An easy way to solve this problem is to enable automatic email alerts delivered to you when one of your key metrics changes. You can do this by using Smtplib and Email libraries.
Source: Screenshot
Additionally, Python enables you to customize your interactive dashboards. This feature can be especially helpful when creating separate dashboards for stakeholders with different interests. For example, a dashboard for an SEO team will need to contain all SEO data, whereas a dashboard for executives should probably focus on top-priority KPIs. You can leverage libraries like Dash or Streamlit to customize your dashboards.
Source: Screenshot
For maximum efficiency of your Python SEO, combine customized dashboards and automatic notifications to the right stakeholders via email. This will help you ensure that everyone within your organization stays updated on the data that matters to them the most, which will let you align your efforts and improve outcomes in the long run.
The Bottom Line
When it comes to guiding your search engine optimization efforts in the long run, accurate and real-time data is one of the most pivotal things you’ll need. With the right information, you can see how your SEO efforts are working for you so far, detect errors, and identify areas for improvement that can help you achieve greater results in the future. Needless to say, the most convenient way to keep track of your data is SEO reporting. Organizing regular and detailed reports, be it an SEO keyword report or technical performance report, can help you stay updated on your site’s performance. The only problem is that manually doing it can be incredibly challenging and time-consuming.
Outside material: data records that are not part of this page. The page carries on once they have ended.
lemma n_L1_le:
  assumes "0 \<le> \<tau>"
  shows "(LINT s:{0<..}|lborel. \<bar>n \<tau> s\<bar>) \<le> B + integral {0..\<tau>} (\<lambda>u. \<bar>N u\<bar>)"
proof -
  have cont: "continuous_on {0..\<tau>} (\<lambda>u. \<bar>N u\<bar>)"
    by (intro continuous_intros continuous_on_subset[OF N_continuous]) auto
  have int1: "integrable lborel (\<lambda>s. indicator {\<tau><..} s * \<bar>m0 (s - \<tau>)\<bar>)"
    using lborel_integrable_shift_Ioi[OF abs_m0_integrable] by simp
  have int2: "integrable lborel (\<lambda>s. indicator {0..\<tau>} s * \<bar>N (\<tau> - s)\<bar>)"
    using lborel_integral_reflect_Icc(1)[OF cont] by simp
  have "(LINT s:{0<..}|lborel. \<bar>n \<tau> s\<bar>) \<le> integral\<^sup>L lborel (\<lambda>s.
     indicator {\<tau><..} s * \<bar>m0 (s - \<tau>)\<bar> + indicator {0..\<tau>} s * \<bar>N (\<tau> - s)\<bar>)"
    unfolding set_lebesgue_integral_real
    by (rule integral_mono_AE'[OF Bochner_Integration.integrable_add[OF int1 int2] abs_n_le[OF assms]])
      auto
  also have "\<dots> = integral\<^sup>L lborel (\<lambda>s. indicator {0<..} s * \<bar>m0 s\<bar>) + integral {0..\<tau>} (\<lambda>u. \<bar>N u\<bar>)"
    using lborel_integral_shift_Ioi[of \<tau> "\<lambda>s. \<bar>m0 s\<bar>"] lborel_integral_reflect_Icc(2)[OF cont]
    by (simp add: Bochner_Integration.integral_add[OF int1 int2])
  also have "\<dots> \<le> B + integral {0..\<tau>} (\<lambda>u. \<bar>N u\<bar>)"
    using m0_L1_bound by (simp add: set_lebesgue_integral_real)
  finally show ?thesis .
qed

lemma abs_N_le:
  assumes "0 \<le> \<tau>"
  shows "\<bar>N \<tau>\<bar> \<le> P * B + P * integral {0..\<tau>} (\<lambda>u. \<bar>N u\<bar>)"
proof -
  have "\<bar>N \<tau>\<bar> \<le> integral\<^sup>L lborel (\<lambda>s. norm (indicator {0<..} s * (a \<tau> s * n \<tau> s)))"
    using integral_norm_bound by (simp add: N_eq[OF assms] set_lebesgue_integral_real)
  also have "\<dots> \<le> integral\<^sup>L lborel (\<lambda>s. P * (indicator {0<..} s * \<bar>n \<tau> s\<bar>))"
  proof (rule integral_mono')
    show "integrable lborel (\<lambda>s. P * (indicator {0<..} s * \<bar>n \<tau> s\<bar>))"
      using integrable_abs[OF n_integrable[OF assms, unfolded set_integrable_real]]
      by (simp add: abs_mult)
    fix s :: real
    show "norm (indicator {0<..} s * (a \<tau> s * n \<tau> s)) \<le> P * (indicator {0<..} s * \<bar>n \<tau> s\<bar>)"
      using a_bounds[OF assms, of s] by (cases "s > 0") (auto simp: abs_mult mult_right_mono)
  qed (simp add: P_nonneg)
  also have "\<dots> = P * (LINT s:{0<..}|lborel. \<bar>n \<tau> s\<bar>)"
    by (simp add: set_lebesgue_integral_real)
  also have "\<dots> \<le> P * (B + integral {0..\<tau>} (\<lambda>u. \<bar>N u\<bar>))"
    by (rule mult_left_mono[OF n_L1_le[OF assms] P_nonneg])
  finally show ?thesis by (simp add: algebra_simps)
qed

lemma abs_N_bound:
  assumes "0 \<le> \<tau>"
  shows "\<bar>N \<tau>\<bar> \<le> P * B * exp (P * \<tau>)"
proof (rule gronwall_inequality[of \<tau> "\<lambda>u. \<bar>N u\<bar>" P "P * B"])
  show "continuous_on {0..\<tau>} (\<lambda>u. \<bar>N u\<bar>)"
    by (intro continuous_intros continuous_on_subset[OF N_continuous]) auto
qed (use assms abs_N_le P_nonneg in auto)

lemma n_L1_bound:
  assumes "0 \<le> \<tau>"
  shows "(LINT s:{0<..}|lborel. \<bar>n \<tau> s\<bar>) \<le> B + \<tau> * (P * B * exp (P * \<tau>))"
proof -
  have "integral {0..\<tau>} (\<lambda>u. \<bar>N u\<bar>) \<le> integral {0..\<tau>} (\<lambda>u. P * B * exp (P * \<tau>))"
  proof (rule integral_le)
    show "(\<lambda>u. \<bar>N u\<bar>) integrable_on {0..\<tau>}"
      by (intro integrable_continuous_real continuous_intros continuous_on_subset[OF N_continuous])
        auto
    fix u assume u: "u \<in> {0..\<tau>}"
    then have "\<bar>N u\<bar> \<le> P * B * exp (P * u)"
      by (intro abs_N_bound) auto
    also have "\<dots> \<le> P * B * exp (P * \<tau>)"
      using u P_nonneg B_nonneg by (intro mult_left_mono) (auto intro!: mult_left_mono)
    finally show "\<bar>N u\<bar> \<le> P * B * exp (P * \<tau>)" .
  qed (rule integrable_const_ivl)
  then show ?thesis
    using n_L1_le[OF assms] assms by (simp add: algebra_simps)
qed

end

lemma renewal_char_fibre:
  fixes a :: "real \<Rightarrow> real \<Rightarrow> 'd::euclidean_space \<Rightarrow> real"
  assumes sol: "renewal_char a n0 \<Omega> n N" and x: "x \<in> \<Omega>"
    and a_bounds: "\<And>\<tau> s. 0 \<le> \<tau> \<Longrightarrow> 0 \<le> s \<Longrightarrow> 0 \<le> a \<tau> s x \<and> a \<tau> s x \<le> P"
    and n0_integrable: "set_integrable lborel {0<..} (\<lambda>s. n0 s x)"
    and n0_L1_bound: "(LINT s:{0<..}|lborel. \<bar>n0 s x\<bar>) \<le> B"
  shows "renewal_fibre (\<lambda>\<tau> s. a \<tau> s x) (\<lambda>\<tau> s. n \<tau> s x) (\<lambda>\<tau>. N \<tau> x) (\<lambda>s. n0 s x) P B"
proof -
  have "continuous_on ({0..} \<times> \<Omega>) (\<lambda>z. N (fst z) (snd z))"
    using sol unfolding renewal_char_def by blast
  then have "continuous_on {0..} (\<lambda>\<tau>. (\<lambda>z. N (fst z) (snd z)) (\<tau>, x))"
    by (rule continuous_on_compose2) (use x in \<open>auto intro!: continuous_intros\<close>)
  then show ?thesis
    using sol x a_bounds n0_integrable n0_L1_bound
    unfolding renewal_char_def by unfold_locales auto
qed

lemma renewal_char_abs_N_bound:
  fixes a :: "real \<Rightarrow> real \<Rightarrow> 'd::euclidean_space \<Rightarrow> real"
  assumes sol: "renewal_char a n0 \<Omega> n N" and y: "y \<in> \<Omega>" and "0 \<le> \<sigma>" "\<sigma> \<le> T"
    and a_bounds: "\<And>\<tau> s. 0 \<le> \<tau> \<Longrightarrow> 0 \<le> s \<Longrightarrow> 0 \<le> a \<tau> s y \<and> a \<tau> s y \<le> P"
    and n0_integrable: "\<And>x. x \<in> \<Omega> \<Longrightarrow> set_integrable lborel {0<..} (\<lambda>s. n0 s x)"
    and n0_L1_bound: "\<And>x. x \<in> \<Omega> \<Longrightarrow> (LINT s:{0<..}|lborel. \<bar>n0 s x\<bar>) \<le> B"
  shows "\<bar>N \<sigma> y\<bar> \<le> P * B * exp (P * T)"
proof -
  interpret renewal_fibre "\<lambda>\<tau> s. a \<tau> s y" "\<lambda>\<tau> s. n \<tau> s y" "\<lambda>\<tau>. N \<tau> y" "\<lambda>s. n0 s y" P B
    by (rule renewal_char_fibre[OF sol y a_bounds n0_integrable[OF y] n0_L1_bound[OF y]])
  have "\<bar>N \<sigma> y\<bar> \<le> P * B * exp (P * \<sigma>)"
    by (rule abs_N_bound) fact
  also have "\<dots> \<le> P * B * exp (P * T)"
    using P_nonneg B_nonneg \<open>\<sigma> \<le> T\<close> by (intro mult_left_mono) (auto intro: mult_left_mono)
  finally show ?thesis .
qed

lemma renewal_fibres_L1_dist_bound:
  assumes "renewal_fibre a n N m0 P B" "renewal_fibre a' n' N' m0 P B" "0 \<le> t"
  shows "(LINT s:{0<..}|lborel. \<bar>n t s - n' t s\<bar>) \<le> 2 * (B + t * (P * B * exp (P * t)))"
proof -
  interpret n: renewal_fibre a n N m0 P B by fact
  interpret n': renewal_fibre a' n' N' m0 P B by fact
  have int: "integrable lborel (\<lambda>s. indicator {0<..} s * \<bar>n t s\<bar>)"
    "integrable lborel (\<lambda>s. indicator {0<..} s * \<bar>n' t s\<bar>)"
    using integrable_abs[OF n.n_integrable[OF \<open>0 \<le> t\<close>, unfolded set_integrable_real]]
      integrable_abs[OF n'.n_integrable[OF \<open>0 \<le> t\<close>, unfolded set_integrable_real]]
    by (simp_all add: abs_mult)
  have "(LINT s:{0<..}|lborel. \<bar>n t s - n' t s\<bar>) \<le>
      integral\<^sup>L lborel (\<lambda>s. indicator {0<..} s * \<bar>n t s\<bar> + indicator {0<..} s * \<bar>n' t s\<bar>)"
    unfolding set_lebesgue_integral_real
    by (rule integral_mono'[OF Bochner_Integration.integrable_add[OF int]])
      (auto simp: indicator_def abs_triangle_ineq4)
  also have "\<dots> = (LINT s:{0<..}|lborel. \<bar>n t s\<bar>) + (LINT s:{0<..}|lborel. \<bar>n' t s\<bar>)"
    unfolding set_lebesgue_integral_real by (rule Bochner_Integration.integral_add[OF int])
  also have "\<dots> \<le> 2 * (B + t * (P * B * exp (P * t)))"
    using n.n_L1_bound[OF \<open>0 \<le> t\<close>] n'.n_L1_bound[OF \<open>0 \<le> t\<close>] by simp
  finally show ?thesis .
qed

section \<open>Rates with a limit at infinite signal\<close>

locale rate_limit =
  fixes p :: "real \<Rightarrow> real \<Rightarrow> real" and pinf :: "real \<Rightarrow> real" and P :: real
  assumes p_continuous: "continuous_on ({0..} \<times> UNIV) (\<lambda>z. p (fst z) (snd z))"
    and p_bounds: "\<And>s S. 0 \<le> s \<Longrightarrow> 0 \<le> p s S \<and> p s S \<le> P"
    and p_tendsto_pinf: "\<And>s. 0 \<le> s \<Longrightarrow> ((\<lambda>S. p s S) \<longlongrightarrow> pinf s) at_top"
begin

lemma pinf_bounds: "0 \<le> s \<Longrightarrow> 0 \<le> pinf s \<and> pinf s \<le> P"
  using p_tendsto_pinf[of s] p_bounds[of s]
  by (auto intro: tendsto_lowerbound tendsto_upperbound simp: eventually_at_top_linorder)

lemma tendsto_p_pinf:
  assumes "0 \<le> s" "filterlim q at_top F"
  shows "((\<lambda>k. p s (q k)) \<longlongrightarrow> pinf s) F"
  using filterlim_compose[OF p_tendsto_pinf[OF assms(1)] assms(2)] by simp

text \<open>Only ages \<open>s \<ge> 0\<close> are constrained; precomposing with \<open>max 0\<close> gives globally defined,
  hence Borel, versions of the rates.\<close>

lemma continuous_on_p_max_0:
  assumes "continuous_on A g" "continuous_on A h"
  shows "continuous_on A (\<lambda>x. p (max 0 (g x)) (h x))"
proof -
  have "continuous_on A (\<lambda>x. (\<lambda>z. p (fst z) (snd z)) (max 0 (g x), h x))"
    by (rule continuous_on_compose2[OF p_continuous]) (auto intro!: continuous_intros assms)
  then show ?thesis by simp
qed

lemma borel_measurable_p_max_0: "(\<lambda>s. p (max 0 s) c) \<in> borel_measurable borel"
  by (intro borel_measurable_continuous_onI continuous_on_p_max_0 continuous_intros)

lemma borel_measurable_pinf_max_0: "(\<lambda>s. pinf (max 0 s)) \<in> borel_measurable borel"
proof (rule borel_measurable_LIMSEQ_real)
  show "(\<lambda>i. p (max 0 s) (real i)) \<longlonglongrightarrow> pinf (max 0 s)" for s
    by (intro tendsto_p_pinf filterlim_real_sequentially) simp
qed (rule borel_measurable_p_max_0)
Luckily, after reading this guide, you should know there is a better and easier way to handle your reporting. Using Python for SEO is a cutting-edge strategy to automate your daily tasks and save plenty of time while also ensuring greater accuracy and scalability. And now you have everything you need to get started!
Of course, there are still certain limitations in Python SEO, such as:
- Limited amount and type of data that you can extract with Python;
- Limited access to historical data when you’re just getting started;
- Challenges in data cleaning and organization;
- Data privacy concerns;
- And many others.
Still, with the right approach and due care, Python can become an irreplaceable tool in your SEO reporting efforts. So don’t hesitate to start using it!